Scientifically illiterate decision-makers put us all in danger

Science Matters | David Suzuki

Considering all the information on the internet, you’d think people would be better informed and able to assess the forces that affect our lives. That’s clearly not the case. Many scroll through websites and information outlets until they find sources — complete with “authorities” touting PhDs or MDs — that confirm their biases, opinions or hunches.

A simple search of “creationism,” “vaccine safety” or “climate change” generates dozens of sources claiming to prove or debunk various claims. Why consider alternatives when it’s so easy to find corroboration of entrenched beliefs? Labelling people and ideas one disagrees with as “fake”, “hoax” or “political” further reinforces positions. Scientists are falsely accused of promoting causes out of self-interest to get bigger grants or influence politicians.

It’s not a new problem. When I began to host TV programs, I wanted to provide insights that would encourage viewers to take science seriously and learn about what was going on in different fields. You don’t have to be academically trained to understand some of the basic concepts that shape the world. You don’t need a degree to respect what scientists say. At the same time, scientists have a reciprocal responsibility to make their ideas and research accessible to a lay audience.

But as with today’s internet, television was and still is mainly for entertainment. TV was often denigrated as the “boob tube”. People seldom watch to be educated or enlightened. We watch in a desultory way rather than concentrating as we might do in a classroom. Things distract us — a child may need attention, we may want a drink or need to go to the bathroom.

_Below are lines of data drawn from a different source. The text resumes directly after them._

lemma pmf_None_ms_aux_Inr_le:
  assumes "\<And>p. pmf (ms_aux V E Cset w ord (Inl p)) None \<le> M" "0 \<le> M"
  shows "pmf (ms_aux V E Cset w ord (Inr (vs, \<Lambda>, \<gamma>))) None \<le> real (length vs) * M"
proof (induction vs arbitrary: \<Lambda>)
  case Nil
  then show ?case
    by (subst ms_aux_unfold) (simp add: ms_step_def)
next
  case (Cons v vs)
  have "pmf (ms_aux V E Cset w ord (Inr (v # vs, \<Lambda>, \<gamma>))) None
      \<le> pmf (ms_aux V E Cset w ord (Inl (v, \<Lambda>))) None + real (length vs) * M"
    using Cons.IH assms(2)
    by (subst ms_aux_unfold) (auto simp: ms_step_def intro!: pmf_None_bind_spmf_le split: option.split)
  then show ?case
    using assms(1)[of "(v, \<Lambda>)"] by (simp add: algebra_simps)
qed

end

locale polymer_sampler = polymer_sampling V E q g Cset w \<theta>
  for V :: "'v set" and E :: "'v \<Rightarrow> 'v \<Rightarrow> bool" and q g Cset w \<theta> +
  fixes ord :: "'v set \<Rightarrow> 'v list"
  assumes ord: "\<forall>S. finite S \<longrightarrow> set (ord S) = S \<and> distinct (ord S)"
begin

abbreviation ms where "ms \<equiv> ms_aux V E Cset w ord"

lemma loop_order:
  assumes "\<gamma> \<in> polymers_at u"
  shows "set (u # ord (nbhd_plus V E (fst \<gamma>) - {u})) = nbhd_plus V E (fst \<gamma>)"
    and "length (u # ord (nbhd_plus V E (fst \<gamma>) - {u})) = card (nbhd_plus V E (fst \<gamma>))"
proof -
  have \<gamma>: "\<gamma> \<in> Cset" "u \<in> fst \<gamma>"
    using assms by (auto simp: polymers_at_def)
  have fin: "finite (nbhd_plus V E (fst \<gamma>))"
    using finite_nbhd_plus finite_polymer \<gamma> by blast
  have u: "u \<in> nbhd_plus V E (fst \<gamma>)"
    using subset_nbhd_plus \<gamma> by blast
  show "set (u # ord (nbhd_plus V E (fst \<gamma>) - {u})) = nbhd_plus V E (fst \<gamma>)"
    using ord fin u by auto
  have "length (ord (nbhd_plus V E (fst \<gamma>) - {u})) = card (nbhd_plus V E (fst \<gamma>) - {u})"
    using ord fin by (metis distinct_card finite_Diff)
  then show "length (u # ord (nbhd_plus V E (fst \<gamma>) - {u})) = card (nbhd_plus V E (fst \<gamma>))"
    using card_Suc_Diff1[OF fin u] by simp
qed

lemma pmf_None_ms_Inl_le:
  assumes M: "\<And>p. pmf (ms (Inl p)) None \<le> M" "0 \<le> M"
  shows "pmf (ms (Inl (u, \<Lambda>))) None \<le> M / 2"
proof (cases "u \<in> \<Lambda>")
  case True
  then show ?thesis
    using M(2) by (subst ms_aux_unfold) (simp add: ms_step_def)
next
  case False
  define K where "K = (\<lambda>go. case go of None \<Rightarrow> return_spmf None
    | Some \<gamma> \<Rightarrow> if fst \<gamma> \<inter> \<Lambda> \<noteq> {} then return_spmf None
        else ms (Inr (u # ord (nbhd_plus V E (fst \<gamma>) - {u}), \<Lambda>, \<gamma>)))"
  have ms: "ms (Inl (u, \<Lambda>)) = bind_pmf (nu Cset w u) K"
    using False by (subst ms_aux_unfold) (simp add: ms_step_def K_def)
  have K: "pmf (K (Some \<gamma>)) None \<le> (1 + real (card (nbhd_plus V E (fst \<gamma>)))) * M"
    if "\<gamma> \<in> polymers_at u" for \<gamma>
  proof (cases "fst \<gamma> \<inter> \<Lambda> = {}")
    case True
    then have "pmf (K (Some \<gamma>)) None \<le> real (card (nbhd_plus V E (fst \<gamma>))) * M"
      using pmf_None_ms_aux_Inr_le[OF M, of "u # ord (nbhd_plus V E (fst \<gamma>) - {u})" \<Lambda> \<gamma>]
      unfolding loop_order(2)[OF that] by (simp add: K_def)
    then show ?thesis
      using M(2) by (simp add: algebra_simps)
  qed (use M(2) in \<open>simp add: K_def\<close>)
  have "pmf (ms (Inl (u, \<Lambda>))) None = (\<Sum>\<gamma>\<in>polymers_at u. w \<gamma> * pmf (K (Some \<gamma>)) None)"
    by (simp add: ms pmf_bind_nu K_def)
  also have "\<dots> \<le> (\<Sum>\<gamma>\<in>polymers_at u. w \<gamma> * ((1 + real (card (nbhd_plus V E (fst \<gamma>)))) * M))"
    using K w_nonneg by (intro sum_mono mult_left_mono) (auto simp: polymers_at_def)
  also have "\<dots> = (\<Sum>\<gamma>\<in>polymers_at u. w \<gamma> * (1 + real (card (nbhd_plus V E (fst \<gamma>))))) * M"
    by (simp add: sum_distrib_right mult.assoc)
  also have "\<dots> \<le> 1/2 * M"
    using sum_polymers_at_weight_nbhd_plus_le M(2) by (rule mult_right_mono)
  finally show ?thesis
    by simp
qed

lemma lossless_ms_Inl: "lossless_spmf (ms (Inl p))"
proof -
  define M where "M = (SUP p. pmf (ms (Inl p)) None)"
  have "bdd_above (range (\<lambda>p. pmf (ms (Inl p)) None))"
    by (intro bdd_aboveI[of _ 1]) (auto simp: pmf_le_1)
  then have le_M: "pmf (ms (Inl p)) None \<le> M" for p
    unfolding M_def by (intro cSUP_upper) auto
  have M_nonneg: "0 \<le> M"
    using le_M[of p] pmf_nonneg[of "ms (Inl p)" None] by linarith
  have "(SUP p. pmf (ms (Inl p)) None) \<le> M / 2"
    using pmf_None_ms_Inl_le[OF le_M M_nonneg] by (intro cSUP_least) auto
  then have "M \<le> 0"
    unfolding M_def[symmetric] by simp
  then have "pmf (ms (Inl p)) None = 0"
    using le_M[of p] pmf_nonneg[of "ms (Inl p)" None] by linarith
  then show ?thesis
    by (simp add: lossless_iff_pmf_None)
qed

text \<open>A pending loop over vs keeps \<gamma> exactly when all its calls return \<emptyset>, which happens with
  probability \<open>Z (\<Lambda> \<union> set vs) / Z \<Lambda>\<close> because the successive ratios telescope.\<close>
definition target_law ::
  "('v \<times> 'v set) + ('v list \<times> 'v set \<times> 'v polymer) \<Rightarrow> 'v polymer option spmf" where
  "target_law x = (case x of
     Inl (u, \<Lambda>) \<Rightarrow> spmf_of_pmf (map_pmf (\<lambda>\<Gamma>. poly_at \<Gamma> u) (mu_avoiding \<Lambda>))
   | Inr (vs, \<Lambda>, \<gamma>) \<Rightarrow> spmf_of_pmf (some_with_prob \<gamma> (Z (\<Lambda> \<union> set vs) / Z \<Lambda>)))"

lemma ms_step_target_law_Inl:
  "ms_step V E Cset w ord target_law (Inl (u, \<Lambda>)) = target_law (Inl (u, \<Lambda>))"
proof (cases "u \<in> \<Lambda>")
  case True
  have "map_pmf (\<lambda>\<Gamma>. poly_at \<Gamma> u) (mu_avoiding \<Lambda>) = return_pmf None"
    using True by (intro spmf_eqI) (auto simp: pmf_poly_at_Some)
  then show ?thesis
    using True by (simp add: ms_step_def target_law_def)
next
  case False
  define K where "K = (\<lambda>go. case go of None \<Rightarrow> return_pmf None
    | Some (\<gamma> :: 'v polymer) \<Rightarrow> if fst \<gamma> \<inter> \<Lambda> \<noteq> {} then return_pmf None
        else some_with_prob \<gamma> (Z (\<Lambda> \<union> set (u # ord (nbhd_plus V E (fst \<gamma>) - {u}))) / Z \<Lambda>))"
  have step: "ms_step V E Cset w ord target_law (Inl (u, \<Lambda>)) = spmf_of_pmf (bind_pmf (nu Cset w u) K)"
    using False unfolding spmf_of_pmf_bind
    by (auto simp: ms_step_def target_law_def K_def intro!: bind_pmf_cong split: option.split)
  define T where "T \<delta> = (if fst \<delta> \<inter> \<Lambda> = {} then w \<delta> * Z (\<Lambda> \<union> nbhd_plus V E (fst \<delta>)) / Z \<Lambda> else 0)"
    for \<delta>
  have K: "w \<gamma> * pmf (K (Some \<gamma>)) (Some \<delta>) = (if \<gamma> = \<delta> then T \<delta> else 0)"
    if "\<gamma> \<in> polymers_at u" for \<gamma> \<delta>
  proof -
    have "K (Some \<gamma>) = (if fst \<gamma> \<inter> \<Lambda> \<noteq> {} then return_pmf None
        else some_with_prob \<gamma> (Z (\<Lambda> \<union> nbhd_plus V E (fst \<gamma>)) / Z \<Lambda>))"
      by (simp only: K_def option.case loop_order(1)[OF that])
    then show ?thesis
      using Z_ratio_nonneg Z_ratio_le_1 by (auto simp: T_def pmf_some_with_prob_Some)
  qed
  have "bind_pmf (nu Cset w u) K = map_pmf (\<lambda>\<Gamma>. poly_at \<Gamma> u) (mu_avoiding \<Lambda>)"
  proof (rule spmf_eqI)
    fix \<delta>
    have "spmf (bind_pmf (nu Cset w u) K) \<delta> = (\<Sum>\<gamma>\<in>polymers_at u. w \<gamma> * pmf (K (Some \<gamma>)) (Some \<delta>))"
      by (simp add: pmf_bind_nu K_def)
    also have "\<dots> = (\<Sum>\<gamma>\<in>polymers_at u. if \<gamma> = \<delta> then T \<delta> else 0)"
      using K by (intro sum.cong) auto
    also have "\<dots> = spmf (map_pmf (\<lambda>\<Gamma>. poly_at \<Gamma> u) (mu_avoiding \<Lambda>)) \<delta>"
      using finite_polymers_at by (auto simp: pmf_poly_at_Some T_def polymers_at_def)
    finally show "spmf (bind_pmf (nu Cset w u) K) \<delta> = spmf (map_pmf (\<lambda>\<Gamma>. poly_at \<Gamma> u) (mu_avoiding \<Lambda>)) \<delta>" .
  qed
  then show ?thesis
    by (simp add: step target_law_def)
qed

Not everyone “gets” science. But if those we elect to make tough decisions about the world can’t or won’t find or assess accurate information or take the best scientific advice, the consequences can be death and devastation.

During an inquiry into the U.K. government’s handling of the COVID-19 pandemic, Patrick Vallance, a medical doctor and the government’s chief scientific adviser, reported that then-Prime Minister Boris Johnson “at times struggled to follow basic scientific concepts crucial to COVID such as the impacts of lockdown on waves of infection, and had to have them explained repeatedly.”

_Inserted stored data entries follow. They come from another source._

lemma tact_tact:
  assumes f: "f \<in> Tnr n r"
  shows "tact r (tact r f a) b = tact r f (gprod r a b)"
proof
  fix u
  show "tact r (tact r f a) b u = tact r f (gprod r a b) u"
  proof (cases "length u = r")
    case False
    then have "f (permword \<sigma> v) = 0" if "length v = length u" for \<sigma> v
      using f that by (auto simp: Tnr_def words_def permword_def)
    then show ?thesis by (simp add: tact_def)
  next
    case True
    have "tact r (tact r f a) b u
        = (\<Sum>\<tau>\<in>perms r. \<Sum>\<sigma>\<in>perms r. b \<tau> * a \<sigma> * f (permword (inv (\<sigma> \<circ> \<tau>)) u))"
      using True by (simp add: tact_def sum_distrib_left mult.assoc permword_inv_permword_inv)
    also have "\<dots> = (\<Sum>\<sigma>\<in>perms r. \<Sum>\<tau>\<in>perms r. a \<sigma> * b \<tau> * f (permword (inv (\<sigma> \<circ> \<tau>)) u))"
      by (subst sum.swap) (simp add: mult.commute mult.left_commute)
    also have "\<dots> = (\<Sum>\<sigma>\<in>perms r. \<Sum>\<pi>\<in>perms r. a \<sigma> * b (inv \<sigma> \<circ> \<pi>) * f (permword (inv \<pi>) u))"
    proof (rule sum.cong[OF refl])
      fix \<sigma>
      assume \<sigma>: "\<sigma> \<in> perms r"
      then have "\<sigma> permutes {..<r}"
        by (simp add: perms_def)
      then show "(\<Sum>\<tau>\<in>perms r. a \<sigma> * b \<tau> * f (permword (inv (\<sigma> \<circ> \<tau>)) u))
          = (\<Sum>\<pi>\<in>perms r. a \<sigma> * b (inv \<sigma> \<circ> \<pi>) * f (permword (inv \<pi>) u))"
        by (simp add: sum_perms_compose_left[OF \<sigma>,
              of "\<lambda>\<pi>. a \<sigma> * b (inv \<sigma> \<circ> \<pi>) * f (permword (inv \<pi>) u)"]
              o_assoc permutes_inv_o)
    qed
    also have "\<dots> = tact r f (gprod r a b) u"
      unfolding tact_def gprod_def by (subst sum.swap) (simp add: sum_distrib_right)
    finally show ?thesis .
  qed
qed

lemma lie_idempotent_projects:
  "lie_idempotent n r e \<Longrightarrow> f \<in> Tnr n r \<Longrightarrow> tact r f e \<in> Lnr n r"
  by (auto simp: lie_idempotent_def)

lemma lie_idempotent_fixes:
  assumes e: "lie_idempotent n r e" and x: "x \<in> Lnr n r"
  shows "tact r x e = x"
proof -
  from assms obtain f where f: "f \<in> Tnr n r" "x = tact r f e"
    by (auto simp: lie_idempotent_def)
  then have "tact r x e = tact r f (gprod r e e)"
    by (simp add: tact_tact)
  with e f show ?thesis
    by (simp add: lie_idempotent_def)
qed

lemma tact_corner_on_Lnr:
  assumes e: "lie_idempotent n r e" and x: "x \<in> Lnr n r"
  shows "tact r x (gprod r (gprod r e a) e) = tact r (tact r x a) e"
proof -
  have "x \<in> Tnr n r"
    using x by (simp add: Lnr_def)
  then have "tact r x (gprod r (gprod r e a) e) = tact r (tact r (tact r x e) a) e"
    by (simp add: tact_tact tact_in_Tnr)
  with lie_idempotent_fixes[OF e x] show ?thesis by simp
qed

lemma imgSym_corner_subset:
  assumes e: "lie_idempotent n r e" and e': "lie_idempotent n r e'"
  shows "imgSym r (Lnr n r) (corner r e) \<subseteq> imgSym r (Lnr n r) (corner r e')"
proof
  fix \<phi>
  assume "\<phi> \<in> imgSym r (Lnr n r) (corner r e)"
  then obtain a where a: "a \<in> grp_alg r"
    and \<phi>: "\<phi> = rest (Lnr n r) (\<lambda>x. tact r x (gprod r (gprod r e a) e))"
    by (auto simp: imgSym_def corner_def)
  define b where "b = gprod r a e"
  have "tact r x (gprod r (gprod r e' b) e') = tact r x (gprod r (gprod r e a) e)"
    if x: "x \<in> Lnr n r" for x
  proof -
    have xT: "x \<in> Tnr n r"
      using x by (simp add: Lnr_def)
    have "tact r x (gprod r (gprod r e' b) e') = tact r (tact r (tact r x a) e) e'"
      using tact_corner_on_Lnr[OF e' x] xT by (simp add: b_def tact_tact)
    also have "\<dots> = tact r (tact r x a) e"
      using lie_idempotent_fixes[OF e' lie_idempotent_projects[OF e tact_in_Tnr[OF xT]]] .
    finally show ?thesis
      using tact_corner_on_Lnr[OF e x] by simp
  qed
  then have "\<phi> = rest (Lnr n r) (\<lambda>x. tact r x (gprod r (gprod r e' b) e'))"
    by (simp add: \<phi> rest_def fun_eq_iff)
  moreover have "b \<in> grp_alg r"
    using e by (simp add: b_def lie_idempotent_def gprod_in_grp_alg)
  ultimately show "\<phi> \<in> imgSym r (Lnr n r) (corner r e')"
    unfolding imgSym_def corner_def by blast
qed

theorem mainTheorem9:
  fixes n r :: nat and e e' :: "(nat \<Rightarrow> nat) \<Rightarrow> 'k::field"
  assumes "infinite (UNIV :: 'k set) \<or> r < card (UNIV :: 'k set)"
    and "of_nat r \<noteq> (0::'k)"
    and "\<exists>\<zeta>::'k. \<zeta> ^ r = 1 \<and> (\<forall>m. 0 < m \<and> m < r \<longrightarrow> \<zeta> ^ m \<noteq> 1)"
    and "lie_idempotent n r e"
    and "lie_idempotent n r e'"
  shows "SW_Lie n r e \<longleftrightarrow> SW_Lie n r e'"
proof -
  have "imgSym r (Lnr n r) (corner r e) = imgSym r (Lnr n r) (corner r e')"
    using imgSym_corner_subset[OF assms(4,5)] imgSym_corner_subset[OF assms(5,4)] by blast
  then show ?thesis
    by (simp add: SW_Lie_def)
qed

Asked whether Johnson understood the science, Vallance pointed out that Johnson’s most recent science course was when he was 15 and that he admitted science was “not his forte.” Vallance added, “It was hard work sometimes to try and make sure that he had understood what a particular graph or piece of data was saying.” Johnson was “bamboozled” by modelling “and would fail to understand ideas put to him.”

Johnson and then-Chancellor (now PM) Rishi Sunak, fearing a public backlash, were reluctant to impose a second lockdown, and believed most who died were old. Johnson favoured “letting it rip” saying, “Yes, there will be more casualties, but so be it; they have had a good innings.” (An “innings” refers to the time a cricket player is up to bat.) Sunak thought it was okay to just accept that some people would die. He was reported to have said a COVID strategy was “all about handling the scientists, not handling the virus.”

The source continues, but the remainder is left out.